Будет гроза.
Вокруг солнца
Появилось второе солнце.
Краса.
Будет гроза.
Синева
Режет глаза.
Краса.
Будет гроза.
Воздух зноен, неподвижен.
Замерли деревья,
Птичьи голоса.
Краса.
Будет гроза.
На небесную кручу
Взбираются тучи,
Съедают солнце.
Темнеет.
Среди бела дня.
Краса.
Будет гроза.
Вздрогнул листик.
Ветерок проснулся.
Легкокрылый ветер.
Ветер встрепенулся.
Краса.
Будет гроза.
Задрожало дерево.
Затрепетала вода.
В вихре танца
Закружилась вода.
Краса.
Будет гроза.
Черные глаза
Черных туч
Сверкают.
Краса.
Будет гроза.
Раскаты грома,
Как чьи-то стоны,
Все ближе, ближе.
Слезами дождя
Плачет краса.
Приближается
Гроза…
Я стоял перед мамой, растерянный и жалкий. Она лежала на больничной койке. Тихо шептала, будто молилась:
Словно рыбу с солнечной водой,
Нас с тобой не смогут разлучить.
Словно птице с высью голубой,
Нам всегда с тобою вместе быть.
Я весною светлою рекой
Рыбой звонкой к сердцу приплыву.
Обернешься дерзкой синевой —
Я взлечу и в эту синеву.
В голосе — слезы.
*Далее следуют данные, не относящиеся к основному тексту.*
(* Let $\Phi$ be a finite-valued Young function with $\Phi(t)\neq0$ for $t>0$, and suppose $q_\Phi>1$. Then there is a strictly convex Young function which is equivalent to $\Phi$.
   Context: A Young function is a map $\Phi:[0,\infty)\to[0,\infty]$ which is convex, satisfies $\Phi(0)=0$ and $\lim_{t\to\infty}\Phi(t)=+\infty$. Two Young functions $\Phi_1,\Phi_2$ are equivalent if there is $C\ge1$ with $C^{-1}\Phi_2\le\Phi_1\le C\Phi_2$ on $[0,\infty)$. For a finite-valued Young function positive on $(0,\infty)$, $q_\Phi=\inf_{t>0}\frac{t\Phi'_+(t)}{\Phi(t)}$, where $\Phi'_+$ is the right derivative. *)

theory Defs
  imports "HOL-Analysis.Analysis"
begin

text \<open>Young functions are modelled as maps real \<Rightarrow> ereal; only their values on [0,\<infinity>) matter.\<close>

definition young_convex :: "(real \<Rightarrow> ereal) \<Rightarrow> bool" where
  "young_convex \<Phi> \<longleftrightarrow> (\<forall>x\<ge>0. \<forall>y\<ge>0. \<forall>a::real. 0 \<le> a \<and> a \<le> 1 \<longrightarrow>
      \<Phi> (a * x + (1 - a) * y) \<le> ereal a * \<Phi> x + ereal (1 - a) * \<Phi> y)"

definition young_function :: "(real \<Rightarrow> ereal) \<Rightarrow> bool" where
  "young_function \<Phi> \<longleftrightarrow> (\<forall>t\<ge>0. \<Phi> t \<ge> 0) \<and> young_convex \<Phi> \<and> \<Phi> 0 = 0 \<and>
      ((\<lambda>t. \<Phi> t) \<longlongrightarrow> \<infinity>) at_top"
В глазах — боль. Глаза у нее большие и печальные. Но в них искрится еще надежда.
Я оледенел. Не шелохнусь. Боюсь сделать шаг. В дверях стоят. Они в белых халатах. Наблюдают за мной. Из-за них я не знаю, что делать. Не смею подойти к маме. Она растерянно смотрит на меня. Я то оглядываюсь на дверь, то слушаю ее. Она застонала. На мгновение закрыла глаза. Потом горящим взглядом потянулась ко мне.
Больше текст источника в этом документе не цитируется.